## Exercise goal
Search the data for the string "rparr" and copy each line in which it appears.

[Start of Attachment]

(* For any $\zeta\ge1$ there exists an $O(\zeta)$-round deterministic $\mathsf{CONGEST}$ algorithm that lets each vertex $u$ of $G$ compute $f_u^\ast(d)$ for all $d\in[\zeta]=\{1,\dots,\zeta\}$.
   Context: $G=(V,E)$ is an unweighted directed graph with $n=|V|$, also the communication network (communication over edges in both directions). $\mathsf{CONGEST}$: synchronous rounds, each vertex may send an $O(\log n)$-bit message to each neighbour per round, unique identifiers, unlimited local computation. $P=(s=v_0,v_1,\dots,v_{h_{st}}=t)$ is a given shortest $s$-$t$ path; the endpoints of each edge of $P$ know it belongs to $P$ and each $v_i$ knows its index $i$. For a vertex $u$ and integer $d\ge 0$, $f_u^\ast(d)$ is the largest index $j$ such that there exists a path from $u$ to $v_j$ of length exactly $d$ avoiding all edges of $P$; if no such $j$ exists, $f_u^\ast(d)=-\infty$. *)

theory Defs
  imports Main
begin

text \<open>Graphs: vertices are natural numbers (= unique identifiers), a directed graph is
  a vertex set V and an edge set E with E \<subseteq> V \<times> V. A given path P is a list of vertices.\<close>

definition path_edges :: "nat list \<Rightarrow> (nat \<times> nat) set" where
  "path_edges ps = {(ps ! i, ps ! Suc i) | i. Suc i < length ps}"

text \<open>A walk (sequence of vertices, each consecutive pair an edge of E not in F);
  its length is the number of edges, i.e. length xs - 1.\<close>
definition walk_avoid :: "(nat \<times> nat) set \<Rightarrow> (nat \<times> nat) set \<Rightarrow> nat list \<Rightarrow> bool" where
  "walk_avoid E F xs \<longleftrightarrow> xs \<noteq> [] \<and> (\<forall>i. Suc i < length xs \<longrightarrow> (xs ! i, xs ! Suc i) \<in> E - F)"

definition shortest_path :: "nat set \<Rightarrow> (nat \<times> nat) set \<Rightarrow> nat list \<Rightarrow> bool" where
  "shortest_path V E ps \<longleftrightarrow> ps \<noteq> [] \<and> set ps \<subseteq> V \<and> distinct ps \<and> walk_avoid E {} ps \<and>
     (\<forall>xs. walk_avoid E {} xs \<and> hd xs = hd ps \<and> last xs = last ps \<longrightarrow> length ps \<le> length xs)"

text \<open>f*_u(d): the largest index j such that some walk of length exactly d from u to v_j
  avoids all edges of P; None encodes -infinity.\<close>
definition fstar :: "(nat \<times> nat) set \<Rightarrow> nat list \<Rightarrow> nat \<Rightarrow> nat \<Rightarrow> nat option" where
  "fstar E ps u d =
    (let Q = (\<lambda>j. j < length ps \<and> (\<exists>xs. walk_avoid E (path_edges ps) xs \<and> length xs = d + 1
                    \<and> hd xs = u \<and> last xs = ps ! j))
     in if \<exists>j. Q j then Some (GREATEST j. Q j) else None)"

definition nbrs :: "(nat \<times> nat) set \<Rightarrow> nat \<Rightarrow> nat set" where
  "nbrs E u = {w. (u, w) \<in> E \<or> (w, u) \<in> E} - {u}"

record local_input =
  lid :: nat
  out_nbrs :: "nat set"
  in_nbrs :: "nat set"
  P_out :: "nat set"
  P_in :: "nat set"
  P_index :: "nat option"

definition local_of :: "(nat \<times> nat) set \<Rightarrow> nat list \<Rightarrow> nat \<Rightarrow> local_input" where
  "local_of E ps u = \<lparr> lid = u,
     out_nbrs = {w. (u, w) \<in> E}, in_nbrs = {w. (w, u) \<in> E},
     P_out = {w. (u, w) \<in> path_edges ps}, P_in = {w. (w, u) \<in> path_edges ps},
     P_index = (if u \<in> set ps then Some (THE j. j < length ps \<and> ps ! j = u) else None) \<rparr>"

text \<open>Local states are natural numbers
  (any finite information can be encoded; local computation is unrestricted).
  send st w: message (a natural number, or none) sent to neighbour w;
  trans st rcv: new state given the messages received from each neighbour;
  result st d: the vertex's output value for argument d.\<close>
record algorithm =
  init :: "local_input \<Rightarrow> nat"
  send :: "nat \<Rightarrow> nat \<Rightarrow> nat option"
  trans :: "nat \<Rightarrow> (nat \<Rightarrow> nat option) \<Rightarrow> nat"
  result :: "nat \<Rightarrow> nat \<Rightarrow> nat option"

fun run :: "algorithm \<Rightarrow> (nat \<times> nat) set \<Rightarrow> nat list \<Rightarrow> nat \<Rightarrow> nat \<Rightarrow> nat" where
  "run A E ps 0 u = init A (local_of E ps u)"
| "run A E ps (Suc r) u =
     trans A (run A E ps r u)
       (\<lambda>w. if w \<in> nbrs E u then send A (run A E ps r w) u else None)"

text \<open>CONGEST bandwidth: during the first R rounds every message is a number below
  (n+1)^B, i.e. has O(log n) bits.\<close>
definition congest_bounded :: "algorithm \<Rightarrow> nat set \<Rightarrow> (nat \<times> nat) set \<Rightarrow> nat list \<Rightarrow> nat \<Rightarrow> nat \<Rightarrow> bool" where
  "congest_bounded A V E ps R B \<longleftrightarrow>
     (\<forall>r < R. \<forall>u \<in> V. \<forall>w \<in> nbrs E u. \<forall>m.
        send A (run A E ps r u) w = Some m \<longrightarrow> m < (card V + 1) ^ B)"

end

theory Submission
  imports Defs "HOL-Library.Countable"
begin

text \<open>A walk of length d+1 from u avoiding P consists of an edge (u,w) off P followed by a
  walk of length d from w, so f*_u(d+1) is the maximum of f*_w(d) over these w, and
  f*_u(0) is the index of u on P. Hence if in round r every vertex sends f*(r) to its
  neighbours, after r rounds each vertex knows f*(0), ..., f*(r). Every message is an index
  on P, a number below n of O(log n) bits, and one round per value of d suffices.\<close>

definition Max_opt :: "'a::linorder set \<Rightarrow> 'a option" where
  "Max_opt M = (if M = {} then None else Some (Max M))"

lemma Max_opt_SomeD: "finite M \<Longrightarrow> Max_opt M = Some m \<Longrightarrow> m \<in> M"
  unfolding Max_opt_def by (metis Max_in option.distinct(1) option.inject)

lemma Max_opt_UN:
  assumes fin: "finite (\<Union>i\<in>I. A i)"
  shows "Max_opt (\<Union>i\<in>I. A i) = Max_opt (\<Union>i\<in>I. set_option (Max_opt (A i)))"
    (is "Max_opt ?U = Max_opt ?M")
proof -
  have finA: "finite (A i)" if "i \<in> I" for i
    using finite_subset[OF UN_upper[OF that] fin] .
  have "?M \<subseteq> ?U"
    using Max_opt_SomeD[OF finA] by fastforce
  moreover have "?M = {} \<longleftrightarrow> ?U = {}"
    by (auto simp: Max_opt_def)
  moreover have "Max ?U \<le> Max ?M" if ne: "?U \<noteq> {}"
  proof -
    obtain i where i: "i \<in> I" "Max ?U \<in> A i"
      using Max_in[OF fin ne] by blast
    have "Max (A i) \<in> ?M" using i by (auto simp: Max_opt_def)
    then have "Max (A i) \<le> Max ?M"
      using \<open>?M \<subseteq> ?U\<close> fin by (simp add: finite_subset)
    moreover have "Max ?U \<le> Max (A i)" using i finA by simp
    ultimately show ?thesis by simp
  qed
  ultimately show ?thesis
    using Max_mono[OF \<open>?M \<subseteq> ?U\<close> _ fin] by (simp add: Max_opt_def antisym)
qed

definition walk_targets :: "(nat \<times> nat) set \<Rightarrow> (nat \<times> nat) set \<Rightarrow> nat \<Rightarrow> nat \<Rightarrow> nat set" where
  "walk_targets E F u d = {last xs | xs. walk_avoid E F xs \<and> length xs = d + 1 \<and> hd xs = u}"

lemma walk_avoid_Cons:
  "walk_avoid E F (u # ys) \<longleftrightarrow> ys = [] \<or> ((u, hd ys) \<in> E - F \<and> walk_avoid E F ys)"
proof (cases ys)
  case (Cons y zs)
  have "(\<forall>i. Suc i < Suc (length ys) \<longrightarrow> P i) \<longleftrightarrow> P 0 \<and> (\<forall>i. Suc i < length ys \<longrightarrow> P (Suc i))" for P
    using Cons by (auto simp: less_Suc_eq_0_disj)
  then show ?thesis using Cons by (simp add: walk_avoid_def)
qed (simp add: walk_avoid_def)

lemma walk_targets_0: "walk_targets E F u 0 = {u}"
proof -
  have "walk_avoid E F [u]" by (simp add: walk_avoid_def)
  then show ?thesis
    unfolding walk_targets_def by (auto simp: length_Suc_conv) force
qed

lemma walk_targets_Suc:
  "walk_targets E F u (Suc d) = (\<Union>w \<in> (E - F) `` {u}. walk_targets E F w d)"
proof (intro equalityI subsetI)
  fix v assume "v \<in> walk_targets E F u (Suc d)"
  then obtain ys where ys: "walk_avoid E F (u # ys)" "length ys = Suc d" "last ys = v"
    unfolding walk_targets_def by (auto simp: length_Suc_conv)
  then have "(u, hd ys) \<in> E - F" "v \<in> walk_targets E F (hd ys) d"
    unfolding walk_targets_def by (auto simp: walk_avoid_Cons)
  then show "v \<in> (\<Union>w \<in> (E - F) `` {u}. walk_targets E F w d)"
    by blast
next
  fix v assume "v \<in> (\<Union>w \<in> (E - F) `` {u}. walk_targets E F w d)"
  then obtain ys where "(u, hd ys) \<in> E - F" "walk_avoid E F ys" "length ys = d + 1" "last ys = v"
    unfolding walk_targets_def by blast
  then show "v \<in> walk_targets E F u (Suc d)"
    unfolding walk_targets_def
    by (intro CollectI exI[of _ "u # ys"]) (auto simp: walk_avoid_Cons)
qed

lemma fstar_eq_Max_opt:
  "fstar E ps u d = Max_opt {j. j < length ps \<and> ps ! j \<in> walk_targets E (path_edges ps) u d}"
  (is "_ = Max_opt ?J")
proof -
  have pred: "(\<lambda>j. j < length ps \<and> (\<exists>xs. walk_avoid E (path_edges ps) xs \<and> length xs = d + 1
                  \<and> hd xs = u \<and> last xs = ps ! j)) = (\<lambda>j. j \<in> ?J)"
    unfolding walk_targets_def by (rule ext) (auto simp: eq_commute[of "ps ! _"])
  have "fstar E ps u d = (if \<exists>j. j \<in> ?J then Some (GREATEST j. j \<in> ?J) else None)"
    unfolding fstar_def pred Let_def ..
  moreover have "finite ?J" by simp
  ultimately show ?thesis
    using Greatest_Max[of "\<lambda>j. j \<in> ?J"] by (simp add: Max_opt_def)
qed

lemma fstar_less_length:
  assumes "fstar E ps u d = Some j"
  shows "j < length ps"
proof -
  have "j \<in> {j. j < length ps \<and> ps ! j \<in> walk_targets E (path_edges ps) u d}"
    by (rule Max_opt_SomeD) (use assms in \<open>simp_all add: fstar_eq_Max_opt\<close>)
  then show ?thesis by simp
qed

lemma fstar_0:
  assumes "distinct ps"
  shows "fstar E ps u 0 = P_index (local_of E ps u)"
proof (cases "u \<in> set ps")
  case True
  then obtain i where i: "i < length ps" "ps ! i = u" by (auto simp: in_set_conv_nth)
  have index_iff: "j < length ps \<and> ps ! j = u \<longleftrightarrow> j = i" for j
    using i assms nth_eq_iff_index_eq by blast
  then have "(THE j. j < length ps \<and> ps ! j = u) = i" by auto
  with True index_iff show ?thesis
    by (simp add: fstar_eq_Max_opt walk_targets_0 local_of_def Max_opt_def)
next
  case False
  then show ?thesis
    by (auto simp: fstar_eq_Max_opt walk_targets_0 local_of_def Max_opt_def)
qed

lemma fstar_Suc:
  "fstar E ps u (Suc d) =
     Max_opt (\<Union>w \<in> (E - path_edges ps) `` {u}. set_option (fstar E ps w d))"
proof -
  let ?I = "\<lambda>w. {j. j < length ps \<and> ps ! j \<in> walk_targets E (path_edges ps) w d}"
  have "{j. j < length ps \<and> ps ! j \<in> walk_targets E (path_edges ps) u (Suc d)}
          = (\<Union>w \<in> (E - path_edges ps) `` {u}. ?I w)"
    by (auto simp: walk_targets_Suc)
  moreover have "finite (\<Union>w \<in> (E - path_edges ps) `` {u}. ?I w)"
    by (rule finite_subset[of _ "{..<length ps}"]) auto
  ultimately show ?thesis
    by (simp add: fstar_eq_Max_opt Max_opt_UN)
qed

type_synonym fstar_state = "nat \<times> nat option list \<times> nat list"

text \<open>A state (u, [f*_u(0), ..., f*_u(r)], ws), with ws the heads of the edges leaving u
  off P, is stored as its code under to_nat. A self-loop at u is not a
  communication edge, so u then reads its own previous value instead of a message.\<close>

definition fstar_alg :: algorithm where
  "fstar_alg = \<lparr>
     init = \<lambda>li. to_nat (lid li, [P_index li], sorted_list_of_set (out_nbrs li - P_out li)),
     send = \<lambda>s w. last (fst (snd (from_nat s :: fstar_state))),
     trans = \<lambda>s rcv. (case from_nat s :: fstar_state of (u, h, ws) \<Rightarrow>
       to_nat (u, h @ [Max_opt (\<Union>w \<in> set ws. set_option (if w = u then last h else rcv w))], ws)),
     result = \<lambda>s d. fst (snd (from_nat s :: fstar_state)) ! d \<rparr>"

lemma run_fstar_alg:
  assumes "finite E" and "distinct ps"
  shows "(from_nat (run fstar_alg E ps r u) :: fstar_state) =
           (u, map (fstar E ps u) [0..<Suc r], sorted_list_of_set ((E - path_edges ps) `` {u}))"
proof (induction r arbitrary: u)
  case 0
  have "{w. (u, w) \<in> E} - {w. (u, w) \<in> path_edges ps} = (E - path_edges ps) `` {u}"
    by auto
  then show ?case
    using fstar_0[OF assms(2)] by (simp add: fstar_alg_def local_of_def)
next
  case (Suc r)
  let ?W = "(E - path_edges ps) `` {u}"
  let ?h = "map (fstar E ps u) [0..<Suc r]"
  let ?rcv = "\<lambda>w. if w \<in> nbrs E u then send fstar_alg (run fstar_alg E ps r w) u else None"
  have "finite ?W" using assms(1) by (simp add: finite_Image)
  moreover have "?rcv w = fstar E ps w r" if "w \<in> ?W" "w \<noteq> u" for w
    using that Suc.IH[of w] by (auto simp: fstar_alg_def nbrs_def)
  ultimately have received: "(\<Union>w \<in> ?W. set_option (if w = u then last ?h else ?rcv w))
      = (\<Union>w \<in> ?W. set_option (fstar E ps w r))"
    by (intro SUP_cong) auto
  have "run fstar_alg E ps (Suc r) u = trans fstar_alg (run fstar_alg E ps r u) ?rcv"
    by simp
  also have "\<dots> = to_nat (u, ?h @ [Max_opt (\<Union>w \<in> ?W. set_option (if w = u then last ?h else ?rcv w))],
      sorted_list_of_set ?W)"
    using Suc.IH[of u] \<open>finite ?W\<close> by (simp add: fstar_alg_def del: upt_Suc)
  also have "\<dots> = to_nat (u, map (fstar E ps u) [0..<Suc (Suc r)], sorted_list_of_set ?W)"
    unfolding received by (simp add: fstar_Suc)
  finally show ?case by simp
qed

lemma fstar_alg_result:
  assumes "finite E" "distinct ps" "d \<le> r"
  shows "result fstar_alg (run fstar_alg E ps r u) d = fstar E ps u d"
  using run_fstar_alg[OF assms(1,2), of r u] assms(3)
  by (simp add: fstar_alg_def nth_append del: upt_Suc)

lemma fstar_alg_congest_bounded:
  assumes "finite V" "E \<subseteq> V \<times> V" "distinct ps" "set ps \<subseteq> V"
  shows "congest_bounded fstar_alg V E ps R 1"
  unfolding congest_bounded_def
proof (intro allI impI ballI)
  fix r u w m
  assume "send fstar_alg (run fstar_alg E ps r u) w = Some m"
  moreover have "finite E" using assms(1,2) finite_subset by blast
  ultimately have "fstar E ps u r = Some m"
    using run_fstar_alg[where r = r and u = u] assms(3) by (simp add: fstar_alg_def)
  then have "m < length ps" by (rule fstar_less_length)
  also have "length ps \<le> card V"
    using distinct_card[OF assms(3)] card_mono[OF assms(1,4)] by simp
  finally show "m < (card V + 1) ^ 1" by simp
qed

theorem lemma4p2:
  shows "\<forall>K::nat. \<exists>(c::nat) (B::nat). \<forall>\<zeta>::nat. \<zeta> \<ge> 1 \<longrightarrow> (\<exists>A::algorithm.
     \<forall>(V::nat set) (E::(nat \<times> nat) set) (ps::nat list).
       finite V \<and> V \<subseteq> {..< card V ^ K} \<and> E \<subseteq> V \<times> V \<and> shortest_path V E ps \<longrightarrow>
       congest_bounded A V E ps (c * \<zeta>) B \<and>
       (\<forall>u \<in> V. \<forall>d \<in> {1..\<zeta>}. result A (run A E ps (c * \<zeta>) u) d = fstar E ps u d))"
proof (intro allI exI[of _ "1::nat"] impI exI[of _ fstar_alg])
  fix K \<zeta> V E ps
  assume "finite V \<and> V \<subseteq> {..< card V ^ K} \<and> E \<subseteq> V \<times> V \<and> shortest_path V E ps"
  then have V: "finite V" and E: "E \<subseteq> V \<times> V" and P: "distinct ps" "set ps \<subseteq> V"
    by (auto simp: shortest_path_def)
  then have "finite E" using finite_subset by blast
  then show "congest_bounded fstar_alg V E ps (1 * \<zeta>) 1 \<and>
      (\<forall>u \<in> V. \<forall>d \<in> {1..\<zeta>}. result fstar_alg (run fstar_alg E ps (1 * \<zeta>) u) d = fstar E ps u d)"
    using fstar_alg_congest_bounded[OF V E P] fstar_alg_result[OF _ P(1)] by simp
qed

end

[End of Attachment]

## Task output
     P_index = (if u \<in> set ps then Some (THE j. j < length ps \<and> ps ! j = u) else None) \<rparr>"
     result = \<lambda>s d. fst (snd (from_nat s :: fstar_state)) ! d \<rparr>"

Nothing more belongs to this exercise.